Monday 16 January 2012

Smoking moves outdoors

A few days after arriving back in Budapest after my Christmas and New Year leave in the UK I went to a cellar bar nearby for a drink one evening with some people visiting from home. We walked downstairs and I was aware that something was a little different, but could not quite put my finger on it.

After a little while one of the people I was with worked out what was different: no cigarette smoke.

Yes, after several years of prevaricating and finding various excuses to avoid doing it, the government here has finally banned smoking in bars and restaurants. And what a difference it makes. Many of Budapest's bars are small or subterranean, and after an hour in one of them your clothes would be absolutely reeking with tobacco smoke. No longer.

What it does mean is that, as in other countries with a smoking ban, you can spot the bars up and down a street by looking for the huddles of people standing outside puffing on their fags. But here in Hungary, where the great majority of people smoke, the crowds are obviously larger. Probably fortunately for the government this has been an extremely mild winter so far, with barely any sub-zero temperatures. I suspect the smoking ban would have been harder to get started if evening temperatures were the more normal -10° at night.

But what to me seems to be the ultimate irony is that currently Hungary is getting criticism all round for introducing new legislation regarding small things such as limiting media freedom, the independence of the judiciary and suppression of parliamentary debate while nobody praises it for finally introducing the smoking ban.

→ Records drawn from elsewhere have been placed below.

lemma orient_barycentric:
  assumes "x = a *\<^sub>R p + b *\<^sub>R q + c *\<^sub>R r" "a + b + c = 1"
  shows "orient s x p q = - c * orient p q r s" "orient s x q r = - a * orient p q r s"
    "orient s x r p = - b * orient p q r s"
proof -
  have c: "c = 1 - a - b" using assms(2) by simp
  show "orient s x p q = - c * orient p q r s" "orient s x q r = - a * orient p q r s"
    "orient s x r p = - b * orient p q r s"
    unfolding assms(1) c orient_expand by (simp_all add: algebra_simps)
qed

lemma vertex_notin_open_tri:
  assumes "cross3 (q - p) (r - q) \<noteq> 0"
  shows "p \<notin> open_tri p q r" "r \<notin> open_tri p q r"
proof -
  have "x \<noteq> p \<and> x \<noteq> r" if "x \<in> open_tri p q r" for x
  proof -
    obtain a b c where x: "x = a *\<^sub>R p + b *\<^sub>R q + c *\<^sub>R r" "0 < a" "0 < b" "a + b + c = 1"
      using \<open>x \<in> open_tri p q r\<close> unfolding open_tri_def by blast
    have c: "c = 1 - a - b" using x(4) by simp
    have "cross3 (q - x) (r - x) = a *\<^sub>R cross3 (q - p) (r - q)"
      "cross3 (r - x) (p - x) = b *\<^sub>R cross3 (q - p) (r - q)"
      unfolding x(1) c by (simp_all add: cross3_simps)
    then show ?thesis using x assms by auto
  qed
  then show "p \<notin> open_tri p q r" "r \<notin> open_tri p q r" by blast+
qed

definition seg_tri_int :: "real^3 \<Rightarrow> real^3 \<Rightarrow> real^3 \<Rightarrow> real^3 \<Rightarrow> real^3 \<Rightarrow> real" where
  "seg_tri_int p q r s e =
     (let n = cross3 (q - p) (r - q); dir = e - s
      in if n \<bullet> dir = 0 then 0 else
         (let t = (n \<bullet> (q - s)) / (n \<bullet> dir); x = s + t *\<^sub>R dir in
          if x \<in> open_tri p q r \<and> 0 < t \<and> t < 1 then sgn (n \<bullet> dir)
          else if x \<in> open_tri p q r \<and> (t = 0 \<or> t = 1) then sgn (n \<bullet> dir) / 2
          else 0))"

lemma edge_tri_int_eq_seg_tri_int:
  "edge_tri_int H i j = seg_tri_int (cv H (i + 5)) (cv H i) (cv H (i + 1)) (cv H j) (cv H (j + 1))"
  unfolding edge_tri_int_def seg_tri_int_def Let_def by simp

lemma seg_tri_int_parallel: "orient p q r s = orient p q r e \<Longrightarrow> seg_tri_int p q r s e = 0"
  unfolding seg_tri_int_def Let_def inner_cross3_diff by simp

lemma seg_tri_int_nonparallel:
  fixes p q r s e :: "real^3"
  assumes "orient p q r s \<noteq> orient p q r e"
  defines "t \<equiv> orient p q r s / (orient p q r s - orient p q r e)"
  shows "seg_tri_int p q r s e =
    (if s + t *\<^sub>R (e - s) \<in> open_tri p q r \<and> 0 < t \<and> t < 1
       then sgn (orient p q r e - orient p q r s)
     else if s + t *\<^sub>R (e - s) \<in> open_tri p q r \<and> (t = 0 \<or> t = 1)
       then sgn (orient p q r e - orient p q r s) / 2
     else 0)"
proof -
  have param: "cross3 (q - p) (r - q) \<bullet> (q - s) / (cross3 (q - p) (r - q) \<bullet> (e - s)) = t"
    using assms(1) unfolding t_def inner_cross3_diff
    by (simp add: orient_degenerate divide_simps algebra_simps)
  show ?thesis
    using assms(1) unfolding seg_tri_int_def Let_def param by (auto simp: inner_cross3_diff)
qed

lemma sgn_orient_through_open_tri:
  assumes "s + t *\<^sub>R (e - s) \<in> open_tri p q r" "0 < t"
  shows "sgn (orient s e p q) = - sgn (orient p q r s)" "sgn (orient s e q r) = - sgn (orient p q r s)"
    "sgn (orient s e r p) = - sgn (orient p q r s)"
proof -
  obtain a b c where x: "s + t *\<^sub>R (e - s) = a *\<^sub>R p + b *\<^sub>R q + c *\<^sub>R r"
    and abc: "0 < a" "0 < b" "0 < c" "a + b + c = 1"
    using assms(1) unfolding open_tri_def by blast
  have "t * orient s e p q = c * - orient p q r s" "t * orient s e q r = a * - orient p q r s"
    "t * orient s e r p = b * - orient p q r s"
    using orient_barycentric[OF x abc(4), of s] by (simp_all add: orient_along_line)
  then show "sgn (orient s e p q) = - sgn (orient p q r s)" "sgn (orient s e q r) = - sgn (orient p q r s)"
    "sgn (orient s e r p) = - sgn (orient p q r s)"
    using abc assms(2) by (metis sgn_mult sgn_pos sgn_minus mult_1)+
qed

text \<open>The segment from s to e passes through the interior of the triangle pqr, from the negative
  to the positive side of its plane when \<sigma> = 1 and in the opposite direction when \<sigma> = -1:
  the last three conditions say that the line through s and e meets the plane inside the triangle.\<close>
definition crosses_tri :: "real^3 \<Rightarrow> real^3 \<Rightarrow> real^3 \<Rightarrow> real^3 \<Rightarrow> real^3 \<Rightarrow> real \<Rightarrow> bool" where
  "crosses_tri p q r s e \<sigma> \<longleftrightarrow>
     sgn (orient p q r s) = - \<sigma> \<and> sgn (orient p q r e) = \<sigma> \<and>
     sgn (orient s e p q) = \<sigma> \<and> sgn (orient s e q r) = \<sigma> \<and> sgn (orient s e r p) = \<sigma>"

lemma sgn_of_quotient_in_unit_interval:
  fixes a b :: real
  assumes "0 < a / (a - b)" "a / (a - b) < 1"
  shows "sgn a = - sgn b" "sgn (b - a) = sgn b"
  using assms by (auto simp: sgn_if divide_simps split: if_splits)

lemma seg_tri_int_cases:
  fixes p q r s e :: "real^3"
  defines "Ds \<equiv> orient p q r s" and "De \<equiv> orient p q r e" and "I \<equiv> seg_tri_int p q r s e"
  shows "I = 0
    \<or> Ds = 0 \<and> De \<noteq> 0 \<and> I = sgn De / 2
    \<or> De = 0 \<and> Ds \<noteq> 0 \<and> I = - sgn Ds / 2
    \<or> \<bar>I\<bar> = 1 \<and> crosses_tri p q r s e I"
proof (cases "Ds = De")
  case True
  then show ?thesis unfolding I_def Ds_def De_def by (simp add: seg_tri_int_parallel)
next
  case False
  define t where "t = Ds / (Ds - De)"
  define x where "x = s + t *\<^sub>R (e - s)"
  have I: "I = (if x \<in> open_tri p q r \<and> 0 < t \<and> t < 1 then sgn (De - Ds)
      else if x \<in> open_tri p q r \<and> (t = 0 \<or> t = 1) then sgn (De - Ds) / 2 else 0)"
    using seg_tri_int_nonparallel[of p q r s e] False
    unfolding I_def Ds_def De_def t_def x_def by simp
  consider "x \<in> open_tri p q r \<and> 0 < t \<and> t < 1" | "x \<in> open_tri p q r \<and> t = 0"
    | "x \<in> open_tri p q r \<and> t = 1" | "I = 0"
    using I by (cases "x \<in> open_tri p q r \<and> 0 < t \<and> t < 1") (auto split: if_splits)
  then show ?thesis
  proof cases
    case 1
    then have "sgn Ds = - sgn De" "sgn (De - Ds) = sgn De"
      using sgn_of_quotient_in_unit_interval unfolding t_def by auto
    moreover have "De \<noteq> 0" using False \<open>sgn Ds = - sgn De\<close> by (auto simp: sgn_if split: if_splits)
    ultimately show ?thesis
      using 1 sgn_orient_through_open_tri[of s t e p q r] unfolding I x_def crosses_tri_def Ds_def De_def
      by (simp add: abs_sgn_eq)
  next
    case 2
    then have "Ds = 0" using False unfolding t_def by (simp add: divide_simps)
    then show ?thesis using I 2 False by simp
  next
    case 3
    then have "De = 0" using False unfolding t_def by (simp add: divide_simps)
    then show ?thesis using I 3 False by (simp add: sgn_minus)
  qed simp
qed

Sometimes, life is just so unfair.

Friday 6 January 2012

State of the nation

My morning shave was interrupted today by a report on BBC Radio 4's "Today" programme about Hungary.

It was talking about the big demonstration in Budapest on Monday night, where 'tens of thousands of people' demonstrated in Andrassy ut against the government's celebrations of the coming into being of the 'Basic Law'.

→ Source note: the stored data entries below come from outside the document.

lemma arclen_diff:
  assumes "0 \<le> x" "x \<le> y"
  shows "arclen f y - arclen f x = integral {x..y} (\<lambda>u. norm (f' u))"
  using Henstock_Kurzweil_Integration.integral_combine[OF assms speed_integrable]
  by (simp add: arclen_eq_integral)

lemma arclen_diff_bounds:
  assumes "0 \<le> x" "x \<le> y"
  shows "L1 * (y - x) \<le> arclen f y - arclen f x" "arclen f y - arclen f x \<le> L2 * (y - x)"
proof -
  have "integral {x..y} (\<lambda>_. L1) \<le> integral {x..y} (\<lambda>u. norm (f' u))"
    by (rule integral_le) (auto simp: speed_integrable norm_f'_ge)
  then show "L1 * (y - x) \<le> arclen f y - arclen f x"
    using assms by (simp add: arclen_diff mult.commute)
  have "integral {x..y} (\<lambda>u. norm (f' u)) \<le> integral {x..y} (\<lambda>_. L2)"
    by (rule integral_le) (auto simp: speed_integrable norm_f'_le)
  then show "arclen f y - arclen f x \<le> L2 * (y - x)"
    using assms by (simp add: arclen_diff mult.commute)
qed

lemma arclen_linearization:
  assumes "0 \<le> x" "x \<le> y"
  shows "\<bar>arclen f y - arclen f x - (y - x) * norm (f' x)\<bar> \<le> K * (y - x)\<^sup>2"
proof -
  have int: "((\<lambda>u. norm (f' u) - norm (f' x)) has_integral
      (integral {x..y} (\<lambda>u. norm (f' u)) - (y - x) * norm (f' x))) {x..y}"
    using has_integral_diff[OF integrable_integral[OF speed_integrable]
        has_integral_const_real[of "norm (f' x)" x y]] assms
    by simp
  have bound: "norm (norm (f' u) - norm (f' x)) \<le> K * (y - x)" if "u \<in> {x..y} - {}" for u
  proof -
    have "\<bar>norm (f' u) - norm (f' x)\<bar> \<le> K * \<bar>u - x\<bar>"
      by (rule order_trans[OF norm_triangle_ineq3 derivative_lipschitz])
    moreover have "K * \<bar>u - x\<bar> \<le> K * (y - x)"
      using that K_nonneg by (intro mult_left_mono) auto
    ultimately show ?thesis by simp
  qed
  have "norm (integral {x..y} (\<lambda>u. norm (f' u)) - (y - x) * norm (f' x)) \<le> K * (y - x) * (y - x)"
    using has_integral_bound_real[OF _ finite.emptyI int bound] K_nonneg assms by simp
  then show ?thesis using assms by (simp add: arclen_diff power2_eq_square mult.assoc)
qed

lemma arclen_0 [simp]: "arclen f 0 = 0"
  by (simp add: arclen_def)

lemma arclen_strict_mono: "0 \<le> x \<Longrightarrow> x < y \<Longrightarrow> arclen f x < arclen f y"
  using arclen_diff_bounds(1)[of x y] mult_pos_pos[OF L1_pos, of "y - x"] by linarith

lemma arclen_less_iff: "0 \<le> x \<Longrightarrow> 0 \<le> y \<Longrightarrow> arclen f x < arclen f y \<longleftrightarrow> x < y"
  using arclen_strict_mono by (metis linorder_neqE_linordered_idom order_less_asym)

lemma arclen_le_iff: "0 \<le> x \<Longrightarrow> 0 \<le> y \<Longrightarrow> arclen f x \<le> arclen f y \<longleftrightarrow> x \<le> y"
  using arclen_less_iff[of y x] by linarith

lemma arclen_nonneg: "0 \<le> x \<Longrightarrow> 0 \<le> arclen f x"
  using arclen_le_iff[of 0 x] by simp

lemma curve_length_pos: "0 < curve_length f"
  using arclen_strict_mono[of 0 1] by (simp add: curve_length_def)

lemma arclen_add_1: "0 \<le> t \<Longrightarrow> arclen f (t + 1) = arclen f t + curve_length f"
proof -
  assume "0 \<le> t"
  have "arclen f (t + 1) = integral {0..1} (\<lambda>u. norm (f' u)) + integral {1..t+1} (\<lambda>u. norm (f' u))"
    using Henstock_Kurzweil_Integration.integral_combine[of 0 1 "t + 1" "\<lambda>u. norm (f' u)"]
      \<open>0 \<le> t\<close> speed_integrable
    by (simp add: arclen_eq_integral)
  also have "integral {1..t+1} (\<lambda>u. norm (f' u)) = integral {0..t} (\<lambda>u. norm (f' (1 + u)))"
    using integral_shift_Icc_real[of 0 t "\<lambda>u. norm (f' u)" 1] by (simp add: add.commute o_def)
  also have "(\<lambda>u. norm (f' (1 + u))) = (\<lambda>u. norm (f' u))"
    using f'_periodic by (simp add: add.commute)
  finally show ?thesis by (simp add: arclen_eq_integral curve_length_def)
qed

lemma arclen_has_derivative: "0 < t \<Longrightarrow> (arclen f has_real_derivative norm (f' t)) (at t)"
proof -
  assume "0 < t"
  have "((\<lambda>x. integral {0..x} (\<lambda>u. norm (f' u))) has_real_derivative norm (f' t)) (at t within {0..t+1})"
    by (rule integral_has_real_derivative[OF continuous_on_speed]) (use \<open>0 < t\<close> in auto)
  moreover have "t \<in> interior {0..t+1}" using \<open>0 < t\<close> by auto
  ultimately show ?thesis unfolding arclen_eq_integral by (simp only: at_within_interior)
qed

lemma continuous_on_arclen: "continuous_on {0..b} (arclen f)"
  unfolding arclen_eq_integral
  by (rule DERIV_continuous_on[OF integral_has_real_derivative[OF continuous_on_speed]])

lemma inj_on_arclen: "inj_on (arclen f) {0..1}"
proof (rule inj_onI)
  fix x y assume "x \<in> {0..1}" "y \<in> {0..1}" "arclen f x = arclen f y"
  then show "x = y" using arclen_less_iff[of x y] arclen_less_iff[of y x] by auto
qed

lemma arclen_image: "arclen f ` {0..1} = {0..curve_length f}"
proof
  show "arclen f ` {0..1} \<subseteq> {0..curve_length f}"
    using arclen_le_iff arclen_nonneg by (auto simp: curve_length_def)
  show "{0..curve_length f} \<subseteq> arclen f ` {0..1}"
  proof
    fix s assume "s \<in> {0..curve_length f}"
    then obtain x where "0 \<le> x" "x \<le> 1" "arclen f x = s"
      using IVT'[of "arclen f" 0 s 1] continuous_on_arclen by (auto simp: curve_length_def)
    then show "s \<in> arclen f ` {0..1}" by auto
  qed
qed

lemma arclen_inv_in: "s \<in> {0..curve_length f} \<Longrightarrow> arclen_inv s \<in> {0..1}"
  unfolding arclen_inv_def using arclen_image by (metis inv_into_into)

lemma arclen_arclen_inv: "s \<in> {0..curve_length f} \<Longrightarrow> arclen f (arclen_inv s) = s"
  unfolding arclen_inv_def using arclen_image by (metis f_inv_into_f)

lemma arclen_inv_arclen: "t \<in> {0..1} \<Longrightarrow> arclen_inv (arclen f t) = t"
  unfolding arclen_inv_def using inj_on_arclen by (rule inv_into_f_f)

lemma continuous_on_arclen_inv: "continuous_on {0..curve_length f} arclen_inv"
  using continuous_on_inv[OF continuous_on_arclen[of 1] compact_Icc, of arclen_inv]
    arclen_inv_arclen arclen_image
  by simp

lemma arclen_inv_bounds:
  assumes "s \<in> {0<..<curve_length f}"
  shows "0 < arclen_inv s" "arclen_inv s < 1"
proof -
  have "arclen_inv s \<in> {0..1}" "arclen f (arclen_inv s) = s"
    using assms arclen_inv_in arclen_arclen_inv by auto
  moreover from this have "arclen_inv s \<noteq> 0" "arclen_inv s \<noteq> 1"
    using assms by (auto simp: curve_length_def)
  ultimately show "0 < arclen_inv s" "arclen_inv s < 1" by auto
qed

lemma arclen_inv_has_derivative:
  assumes "s \<in> {0<..<curve_length f}"
  shows "(arclen_inv has_real_derivative inverse (norm (f' (arclen_inv s)))) (at s)"
proof (rule DERIV_inverse_function[where f="arclen f" and a=0 and b="curve_length f"])
  show "(arclen f has_real_derivative norm (f' (arclen_inv s))) (at (arclen_inv s))"
    using arclen_inv_bounds(1)[OF assms] by (rule arclen_has_derivative)
  show "norm (f' (arclen_inv s)) \<noteq> 0" using f'_nonzero by simp
  show "\<And>y. 0 < y \<Longrightarrow> y < curve_length f \<Longrightarrow> arclen f (arclen_inv y) = y"
    using arclen_arclen_inv by auto
  have "s \<in> interior {0..curve_length f}" using assms by auto
  then show "isCont arclen_inv s"
    using continuous_on_interior[OF continuous_on_arclen_inv] by blast
qed (use assms in auto)

lemma arclen_param_eq: "arclen_param f = f \<circ> arclen_inv"
  by (simp add: arclen_param_def arclen_inv_def)

lemma arclen_param_derivative:
  assumes "s \<in> {0<..<curve_length f}"
  shows "vector_derivative (arclen_param f) (at s) = tangent (arclen_inv s)"
proof -
  have "(arclen_inv has_vector_derivative inverse (norm (f' (arclen_inv s)))) (at s)"
    using arclen_inv_has_derivative[OF assms] by (simp add: has_real_derivative_iff_has_vector_derivative)
  then have "((f \<circ> arclen_inv) has_vector_derivative
      (inverse (norm (f' (arclen_inv s))) *\<^sub>R f' (arclen_inv s))) (at s)"
    by (rule vector_diff_chain_at) (rule has_derivative)
  then show ?thesis
    by (simp add: vector_derivative_at arclen_param_eq tangent_def divide_inverse_commute)
qed

end

section \<open>Equilateral inscribed polygons\<close>

locale equilateral_polygon = bilipschitz_curve f f' K L1 L2
  for f f' :: "real \<Rightarrow> 'a::euclidean_space" and K L1 L2 :: real +
  fixes \<theta> :: "nat \<Rightarrow> real" and m :: nat
  assumes two_le_m: "2 \<le> m"
    and \<theta>_0_nonneg: "0 \<le> \<theta> 0"
    and \<theta>_increasing: "Suc k < m \<Longrightarrow> \<theta> k < \<theta> (Suc k)"
    and \<theta>_last_less_1: "\<theta> (m - 1) < 1"
    and equilateral: "k < m \<Longrightarrow> norm (Delta1 f \<theta> m k) = (\<Sum>l<m. norm (Delta1 f \<theta> m l)) / real m"
begin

According to the government spokesman quoted, this simply removes the final vestiges of the old pre-1989 socialist regime, but to the protesters it marks another step towards what many people see as a new dictatorship. A huge majority in the 2010 elections has given the current ruling party a mandate to make enormous changes to the constitution, many of which seem to, ironically, be using democracy to stifle democratic freedoms.

One comment I read in an English-language news feed likened what is happening now in Hungary to the Fascist regime of Admiral Horthy in the 1920s and 1930s, where the regime curried favour by stoking up memories of old nationalist resentments relating to the loss of Hungarian territories in the 1920 Treaty of Trianon. Which is what we see here now.

The problem that Hungary now faces is that the European Union, of which the country is a part, sees human rights and democratic freedoms as a cornerstone of its values, and is making it very clear that it is not happy with the trajectory along which the current government is moving.

That would be bad enough, but this unease means that Hungary is not being given a loan to help it meet its debt obligations that are racing up to meet it in a few weeks time. Consequently the forint is sinking lower and lower (in January 2010 my British pound bought 290 forints, now it gives me 385).

All everyone is talking about is the state of the nation and what is going to happen next. We wait and see.

Seconds out, Round 3

Towards midnight on January 2nd I arrived at Budapest Airport, two years to the day since I first arrived.

I remember stepping off the plane that night in early 2010, and feeling the intense cold, and the first months as I tried to get to grips with my work, the city and the language. And thinking that I would only be here for two years.

Yet now I am just starting my third year. So why the decision to stay?

Well, Helen and I had many long conversations about returning to the UK or staying, and these covered many practical issues, like the security of a salary in these uncertain economic times, but another factor was our relationship with Budapest.

During our first year many friends in the UK commented that we seemed to find it a difficult place to be living, and in truth we found that to be the case: the incomprehensible language, the reserve of local people all contributed to this.

However, after Helen had fallen off her bicycle and had been 'confined to quarters' for some months we both realised that we had turned some sort of emotional corner and had now really come to enjoy living in the city. So why is that?

In no particular order:

It's a beautiful city. Every time I walk or cycle along the river my heart is lifted by the beautiful buildings, the shimmer on the water, the light and so on.

We know local people. Through our conversations with Hungarian friends we have started to come to understand some of the reasons why the place is like it is, and so it all seems to make more sense. And I now wonder why when I first arrived people seemed somewhat unfriendly; nowadays most people seem perfectly okay. Maybe it was me...

The language seems a little less impenetrable. Although I still find constructing a sentence nearly impossible, I know enough vocabulary to be able to make sense of the world around me and to articulate important needs in terrible Hungarian.

So we approach 2012 with great optimism, sure that we will continue to enjoy living in this fascinating place.